[WORK ITEM] Look through the data below and, wherever a line carries the word "ultimately", please copy that line.
───── GIVEN RECORDS ─────
lemma binomial_middle_terms_balance:
  fixes p q :: real
  assumes "1 \<le> l"
  shows "real ((2*l-1) choose (l-1)) * p^(l-1) * q^(2*l-1-(l-1)) * p
       = real ((2*l-1) choose l) * p^l * q^(2*l-1-l) * q"
proof -
  obtain l' where l': "l = Suc l'"
    using assms by (cases l) auto
  have "(2*l-1) choose l' = (2*l-1) choose l"
    using binomial_symmetric[of l' "2*l-1"] l' by simp
  moreover have "2*l-1 - l' = Suc l'" "2*l-1 - l = l'"
    using l' by auto
  ultimately show ?thesis
    unfolding l' by (simp add: algebra_simps)
qed

lemma majority_bias_even:
  assumes "1 \<le> l"
  shows "majority_bias (2*l) p = majority_bias (2*l-1) p"
proof -
  define n where "n = 2*l-1"
  have Sn: "2*l = Suc n"
    using assms unfolding n_def by simp
  define q where "q = 1 - p"
  define b where "b k = real (n choose k) * p^k * q^(n-k)" for k
  define w where "w k = sgn (2 * real k - real (Suc n))" for k
  have "majority_bias (2*l) p = (\<Sum>k=0..Suc n. w k * real (Suc n choose k) * p^k * q^(Suc n - k))"
    unfolding majority_bias_def Sn w_def q_def by (simp add: algebra_simps)
  also have "\<dots> = (\<Sum>k=0..n. b k * (p * w (Suc k) + q * w k))"
    unfolding binomial_weighted_sum_Suc b_def ..
  also have "\<dots> = (\<Sum>k=0..n. b k * sgn (2 * real k - real n)
       + ((if k = l-1 then b k * p else 0) - (if k = l then b k * q else 0)))"
  proof (intro sum.cong refl)
    fix k
    have "real (Suc n) = 2 * real l"
      unfolding Sn[symmetric] by simp
    then have w: "w j = (if j < l then -1 else if j = l then 0 else 1)" for j
      unfolding w_def by (auto simp: sgn_real_def)
    have "sgn (2 * real k - real n) = (if k < l then -1 else 1)"
      using assms by (auto simp: n_def of_nat_diff sgn_real_def)
    then show "b k * (p * w (Suc k) + q * w k) = b k * sgn (2 * real k - real n)
       + ((if k = l-1 then b k * p else 0) - (if k = l then b k * q else 0))"
      unfolding w using assms by (auto simp: q_def algebra_simps)
  qed
  also have "\<dots> = (\<Sum>k=0..n. b k * sgn (2 * real k - real n))
       + ((\<Sum>k=0..n. if k = l-1 then b k * p else 0) - (\<Sum>k=0..n. if k = l then b k * q else 0))"
    by (simp only: sum.distrib sum_subtractf)
  also have "(\<Sum>k=0..n. b k * sgn (2 * real k - real n)) = majority_bias n p"
    unfolding majority_bias_def b_def q_def by (simp add: mult_ac)
  also have "(\<Sum>k=0..n. if k = l-1 then b k * p else 0) = b (l-1) * p"
    using assms by (simp add: n_def)
  also have "(\<Sum>k=0..n. if k = l then b k * q else 0) = b l * q"
    using assms by (simp add: n_def)
  also have "b (l-1) * p = b l * q"
    unfolding b_def n_def using binomial_middle_terms_balance[OF assms] .
  finally show ?thesis
    unfolding n_def by simp
qed
(* Let $F$ be a unitary $N=(2,2)$ full vertex operator superalgebra and $d=G^+_{-1/2}+\bar G^+_{-1/2}$. Then the map $\bigoplus_{p,q\in\mathbb R}C^{(p,q)}(F)_{cc}\to H(F,d)=\ker d/\mathrm{Im}\,d$, sending a vector to its cohomology class, is a well-defined linear isomorphism.
   Context: A unitary $N=(2,2)$ full VOA is a full vertex operator superalgebra $F=\bigoplus_{(h,\bar h)\in\mathbb R^2}F_{h,\bar h}$ (Moriwaki's axioms: real-analytic locality/associativity of $Y(a,\underline z)=\sum_{r,s}a(r,s)z^{-r-1}\bar z^{-s-1}$, vacuum $\mathbf 1$, $F_{0,0}=\mathbb C\mathbf 1$, finite-dimensional bounded-below bigrading with $F_{h,\bar h}=0$ unless $h-\bar h\in\frac12\mathbb Z$, conformal vectors $\omega\in F_{2,0},\bar\omega\in F_{0,2}$ giving commuting Virasoro actions $L(n),\bar L(n)$ of central charges $c,\bar c>0$ with $L(0),\bar L(0)$ the bigrading) with holomorphic $\tau^\pm\in F_{3/2,0}$, $J\in F_{1,0}$ and antiholomorphic $\bar\tau^\pm\in F_{0,3/2}$, $\bar J\in F_{0,1}$ whose modes $G^\pm_r,J_n$ ($Y(\tau^\pm,\underline z)=\sum_{r\in\frac12+\mathbb Z}G^\pm_rz^{-r-3/2}$, $Y(J,\underline z)=\sum J_nz^{-n-1}$) and $\bar G^\pm_r,\bar J_n$ satisfy two supercommuting copies of the $N=2$ Neveu–Schwarz relations ($[J_m,J_n]=\frac c3m\delta_{m+n,0}$, $[J_m,G^\pm_r]=\pm G^\pm_{m+r}$, $[L_m,G^\pm_r]=(\frac m2-r)G^\pm_{m+r}$, $[L_m,J_n]=-nJ_{m+n}$, $[G^\pm_r,G^\pm_s]_+=0$, $[G^+_r,G^-_s]_+=L_{r+s}+\frac12(r-s)J_{r+s}+\frac c6(r^2-\frac14)\delta_{r+s,0}$; barred with $\bar c$), $J_0,\bar J_0$ semisimple with real eigenvalues, $J_0-\bar J_0$ integral with $\exp(\pi i(J_0-\bar J_0))$ the parity operator; plus an invariant symmetric bilinear form ($(\mathbf 1,\mathbf 1)=1$, $(u,Y(a,\underline z)v)=(Y(e^{L(1)z+\bar L(1)\bar z}(-1)^{(L(0)-\bar L(0))+2(L(0)-\bar L(0))^2}z^{-2L(0)}\bar z^{-2\bar L(0)}a,\underline z^{-1})u,v)$) and an anti-linear involutive automorphism $\phi$ with $\phi(J)=-J,\phi(\tau^\pm)=\tau^\mp,\phi(\bar J)=-\bar J,\phi(\bar\tau^\pm)=-\bar\tau^\mp$ and $(\phi(\cdot),\cdot)$ positive definite. $C^{(p,q)}(F)_{cc}$ is the space of vectors $v$ with $J_0v=pv$, $\bar J_0v=qv$, $L_nv=\bar L_nv=J_nv=\bar J_nv=0$ ($n\ge1$), $G^\pm_rv=\bar G^\pm_rv=0$ ($r\ge\frac12$), and $G^+_{-1/2}v=\bar G^+_{-1/2}v=0$ (chiral-chiral primary vectors of charge $(p,q)$). *)

theory Defs
  imports "HOL-Analysis.Analysis"
begin
lemma obtain_rank_stat_iso:
  assumes "finite s" and stat: "stat = tRS1 phi \<or> stat = tRS2 phi"
  obtains h where "bij_betw h s s" "\<And>A. A \<subseteq> s \<Longrightarrow> stat s (h ` A) y' = stat s A y"
proof -
  obtain h where h: "bij_betw h s s"
    and order: "\<And>i j. i \<in> s \<Longrightarrow> j \<in> s \<Longrightarrow> (i, j) \<in> outcome_order y s \<longleftrightarrow> (h i, h j) \<in> outcome_order y' s"
    using finite_linear_order_iso[OF assms(1) linear_order_on_outcome_order[of s y] linear_order_on_outcome_order[of s y']] by blast
  have "stat s (h ` A) y' = stat s A y" if "A \<subseteq> s" for A
  proof (rule rank_stat_reindex[OF stat h])
    fix i j assume "i \<in> s" "j \<in> s"
    then show "psi (h i) (h j) (y' (h i)) (y' (h j)) = psi i j (y i) (y j)"
      using h order by (simp add: psi_outcome_order bij_betwE)
  next
    fix i assume "i \<in> s"
    then show "h i \<in> h ` A \<longleftrightarrow> i \<in> A"
      using that inj_on_image_mem_iff[OF bij_betw_imp_inj_on[OF h]] by blast
  qed
  with h that show thesis by blast
qed

lemma G_outcome_invariant:
  assumes "finite s" "m \<le> card s" and stat: "stat = tRS1 phi \<or> stat = tRS2 phi"
  shows "G stat y s m c = G stat y' s m c"
proof -
  obtain h where h: "bij_betw h s s" and iso: "\<And>A. A \<subseteq> s \<Longrightarrow> stat s (h ` A) y' = stat s A y"
    using obtain_rank_stat_iso[OF assms(1) stat, of y' y] by blast
  let ?U = "pmf_of_set (assignments s m)"
  have support: "set_pmf ?U = assignments s m"
    using assms by (simp add: finite_assignments assignments_nonempty)
  have "G stat y' s m c = measure_pmf.prob (map_pmf (image h) ?U) {A. c \<le> stat s A y'}"
    unfolding G_def map_pmf_image_assignments[OF assms(1,2) h] ..
  also have "\<dots> = measure_pmf.prob ?U ({A. c \<le> stat s (h ` A) y'} \<inter> set_pmf ?U)"
    by (simp add: measure_Int_set_pmf vimage_def)
  also have "{A. c \<le> stat s (h ` A) y'} \<inter> set_pmf ?U = {A. c \<le> stat s A y} \<inter> set_pmf ?U"
    unfolding support by (auto simp: assignments_def iso)
  finally show ?thesis
    by (simp add: G_def measure_Int_set_pmf)
qed
(* Let $f$ be a piecewise contracting interval map satisfying the separation property, let $x\in\widetilde X$ and let $\theta$ be its itinerary. Then there exist $m_0\geqslant 1$ and a number $\beta(x)$ such that \[ p(\theta,n)=n\,\#\Delta_{lr}(x)+\beta(x)\qquad\forall\, n\geqslant m_0, \] and \[ p(\theta,1)-\#\Delta_{lr}(x)\leqslant\beta(x)\leqslant p(\theta,1)-\#\Delta+m_0\big(\#\Delta-\#\Delta_{lr}(x)\big). \]
   Context: Let $X$ be a compact interval of $\mathbb{R}$ and $X_1<X_2<\dots<X_N$ ($N\geqslant 2$) be non-empty pairwise disjoint intervals, open in $X$, with $X=\bigcup_{i}\overline{X_i}$. Let $\Delta:=\{x\in\overline{X_i}\cap\overline{X_j}: i\neq j\}$; so $\Delta=\{c_1,\dots,c_{N-1}\}$ with $\{c_i\}=\overline{X_i}\cap\overline{X_{i+1}}$. A piecewise contracting interval map is a map $f:X\to X$ discontinuous at every point of $\Delta$ for which there is $\lambda\in(0,1)$ with $|f(x)-f(y)|\leqslant\lambda|x-y|$ whenever $x,y$ lie in the same $X_i$; let $f_i:\overline{X_i}\to X$ be the continuous extension of $f|_{X_i}$. Separation property: each $f_i$ is injective and $f_i(\overline{X_i})\cap f_j(\overline{X_j})=\emptyset$ for $i\neq j$. $\widetilde X:=\bigcap_{n\geqslant 0}f^{-n}(X\setminus\Delta)$ (assumed non-empty); the itinerary of $x\in\widetilde X$ is $\theta\in\{1,\dots,N\}^{\mathbb{N}}$ with $\theta_t=i$ iff $f^t(x)\in X_i$. $L_n(\theta):=\{\theta_t\dots\theta_{t+n-1}:t\geqslant 0\}$, $p(\theta,n):=\#L_n(\theta)$. Atoms: for $A\subset X$ let $F_i(A):=\overline{f(A\cap X_i)}$; for $(i_1,\dots,i_n)\in\{1,\dots,N\}^n$ the set $A_{i_1\dots i_n}:=F_{i_n}\circ\dots\circ F_{i_1}(X)$ is an atom of generation $n$ if it is non-empty; $\mathcal{A}_n$ is the set of atoms of generation $n$, and for $x\in X$, $\mathcal{A}_n(x):=\{A\in\mathcal{A}_n:\exists t\in\mathbb{N},\ f^{t+n}(x)\in A\}$. For $c=c_i\in\Delta$ and $n\geqslant 1$, $c$ is $n$-left-right visited by the orbit of $x$ if there exists $A\in\mathcal{A}_n(x)$ with $c\in A$, such that $f^{t+n}(x)\in A\cap X_i$ for some $t\in\mathbb{N}$ and $f^{t'+n}(x)\in A\cap X_{i+1}$ for some $t'\in\mathbb{N}$. $\Delta^n_{lr}(x)$ is the set of such discontinuities, and $\Delta_{lr}(x):=\bigcap_{n\geqslant1}\Delta^n_{lr}(x)$ (the discontinuities that are left-right recurrently visited). *)

theory Defs
  imports "HOL-Analysis.Analysis"
begin
lemma tope_column_exchange:
  assumes "is_tope n d H" and "RD H r \<le> RD G r" and "(i, r) \<in> H" and "(i, r) \<notin> G"
  shows "\<exists>i'. (i', r) \<in> G \<and> (i', r) \<notin> H"
proof (rule ccontr)
  assume "\<not> ?thesis"
  then have "{i'. (i', r) \<in> G} \<subset> {i'. (i', r) \<in> H}" using assms(3,4) by blast
  then have "RD G r < RD H r"
    unfolding RD_def using finite_tope_column[OF assms(1)] by (rule psubset_card_mono[rotated])
  with assms(2) show False by simp
qed

lemma finite_self_map_invariant_subset:
  assumes "finite R" and "R \<noteq> {}" and "f ` R \<subseteq> R"
  obtains J where "J \<subseteq> R" and "J \<noteq> {}" and "f ` J = J"
proof -
  define P where "P J \<longleftrightarrow> J \<subseteq> R \<and> J \<noteq> {} \<and> f ` J \<subseteq> J" for J
  obtain J where PJ: "P J" and minJ: "\<And>J'. P J' \<Longrightarrow> card J \<le> card J'"
    using ex_has_least_nat[of P R card] assms unfolding P_def by blast
  then have "P (f ` J)" unfolding P_def by auto
  with PJ minJ have "f ` J = J"
    unfolding P_def by (meson assms(1) card_seteq finite_subset)
  with PJ that show ?thesis unfolding P_def by blast
qed

lemma compatible_matchings_agree:
  assumes compat: "compatible G H" and a: "inj_on a J" and f: "f ` J = J" and "finite J"
    and G: "\<And>r. r \<in> J \<Longrightarrow> (a r, r) \<in> G" and H: "\<And>r. r \<in> J \<Longrightarrow> (a r, f r) \<in> H"
    and r: "r \<in> J"
  shows "(a r, r) \<in> H"
proof -
  have "inj_on f J" using f \<open>finite J\<close> by (simp add: eq_card_imp_inj_on)
  then have "perfect_matching ((\<lambda>r. (a r, r)) ` J) (a ` J) J"
    and "perfect_matching ((\<lambda>r. (a r, f r)) ` J) (a ` J) J"
    using perfect_matching_image[OF a inj_on_id] perfect_matching_image[OF a, of f] f by auto
  moreover have "(\<lambda>r. (a r, r)) ` J \<subseteq> G" "(\<lambda>r. (a r, f r)) ` J \<subseteq> H" using G H by auto
  ultimately have "(\<lambda>r. (a r, r)) ` J = (\<lambda>r. (a r, f r)) ` J" by (intro compatibleD[OF compat])
  moreover have "(a r, r) \<in> (\<lambda>r. (a r, r)) ` J" using r by blast
  ultimately have "(a r, r) \<in> (\<lambda>r. (a r, f r)) ` J" by simp
  then show ?thesis using H by auto
qed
─────
[OUTPUT BELOW]
  ultimately show ?thesis
  ultimately have "(\<lambda>r. (a r, r)) ` J = (\<lambda>r. (a r, f r)) ` J" by (intro compatibleD[OF compat])
  ultimately have "(a r, r) \<in> (\<lambda>r. (a r, f r)) ` J" by simp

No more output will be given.